> Records provided:

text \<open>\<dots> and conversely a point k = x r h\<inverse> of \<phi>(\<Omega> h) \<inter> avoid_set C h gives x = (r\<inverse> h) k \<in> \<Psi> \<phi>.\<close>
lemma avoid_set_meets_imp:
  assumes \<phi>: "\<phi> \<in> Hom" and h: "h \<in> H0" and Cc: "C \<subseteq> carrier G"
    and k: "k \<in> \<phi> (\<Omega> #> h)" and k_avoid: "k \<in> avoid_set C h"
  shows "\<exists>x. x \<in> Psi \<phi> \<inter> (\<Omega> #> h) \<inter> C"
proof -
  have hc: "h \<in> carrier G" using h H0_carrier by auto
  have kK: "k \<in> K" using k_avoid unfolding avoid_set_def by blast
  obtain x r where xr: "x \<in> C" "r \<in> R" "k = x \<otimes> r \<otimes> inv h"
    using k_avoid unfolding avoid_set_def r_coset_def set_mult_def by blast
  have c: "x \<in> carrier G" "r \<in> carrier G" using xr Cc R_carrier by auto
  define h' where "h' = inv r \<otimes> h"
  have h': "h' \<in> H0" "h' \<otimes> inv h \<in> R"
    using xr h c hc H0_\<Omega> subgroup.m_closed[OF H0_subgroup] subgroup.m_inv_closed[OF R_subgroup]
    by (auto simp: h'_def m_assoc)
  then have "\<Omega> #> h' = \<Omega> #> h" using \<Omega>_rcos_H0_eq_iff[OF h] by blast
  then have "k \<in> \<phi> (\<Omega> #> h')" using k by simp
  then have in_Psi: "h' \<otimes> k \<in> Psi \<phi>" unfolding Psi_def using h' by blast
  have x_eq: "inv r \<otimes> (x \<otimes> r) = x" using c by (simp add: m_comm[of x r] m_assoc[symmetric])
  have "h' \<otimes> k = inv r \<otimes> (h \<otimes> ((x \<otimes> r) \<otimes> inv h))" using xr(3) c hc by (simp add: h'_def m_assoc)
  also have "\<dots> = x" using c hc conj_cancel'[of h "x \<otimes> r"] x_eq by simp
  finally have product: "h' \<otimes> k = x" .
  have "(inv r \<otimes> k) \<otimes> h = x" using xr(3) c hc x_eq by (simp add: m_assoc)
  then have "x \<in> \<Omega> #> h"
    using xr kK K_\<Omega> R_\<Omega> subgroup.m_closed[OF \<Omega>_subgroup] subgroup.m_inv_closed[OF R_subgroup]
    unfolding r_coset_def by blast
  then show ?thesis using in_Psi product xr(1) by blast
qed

---

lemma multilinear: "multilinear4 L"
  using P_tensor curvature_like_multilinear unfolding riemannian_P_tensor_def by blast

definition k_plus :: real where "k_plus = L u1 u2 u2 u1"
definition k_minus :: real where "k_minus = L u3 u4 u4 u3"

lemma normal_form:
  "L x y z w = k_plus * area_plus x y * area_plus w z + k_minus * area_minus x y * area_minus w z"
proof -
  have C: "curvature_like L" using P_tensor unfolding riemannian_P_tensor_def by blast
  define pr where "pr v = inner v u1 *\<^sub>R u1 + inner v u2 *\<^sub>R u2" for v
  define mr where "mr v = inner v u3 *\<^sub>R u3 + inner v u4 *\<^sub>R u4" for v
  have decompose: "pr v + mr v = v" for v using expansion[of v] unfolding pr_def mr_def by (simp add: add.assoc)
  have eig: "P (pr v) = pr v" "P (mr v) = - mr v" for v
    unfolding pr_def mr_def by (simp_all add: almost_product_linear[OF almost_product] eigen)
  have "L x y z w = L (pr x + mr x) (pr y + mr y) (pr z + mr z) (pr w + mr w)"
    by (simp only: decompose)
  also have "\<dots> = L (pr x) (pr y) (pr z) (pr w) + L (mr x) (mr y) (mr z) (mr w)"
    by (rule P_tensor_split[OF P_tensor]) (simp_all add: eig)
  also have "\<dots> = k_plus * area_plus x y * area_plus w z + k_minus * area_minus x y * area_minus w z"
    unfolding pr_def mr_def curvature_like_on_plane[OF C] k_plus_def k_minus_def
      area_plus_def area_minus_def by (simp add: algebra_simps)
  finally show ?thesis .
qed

> What you are asked to do: Scan the entries for the word "then". Report each line that has it.

> Task solution:
  then have "\<Omega> #> h' = \<Omega> #> h" using \<Omega>_rcos_H0_eq_iff[OF h] by blast
  then have "k \<in> \<phi> (\<Omega> #> h')" using k by simp
  then have in_Psi: "h' \<otimes> k \<in> Psi \<phi>" unfolding Psi_def using h' by blast
  then have "x \<in> \<Omega> #> h"
  then show ?thesis using in_Psi product xr(1) by blast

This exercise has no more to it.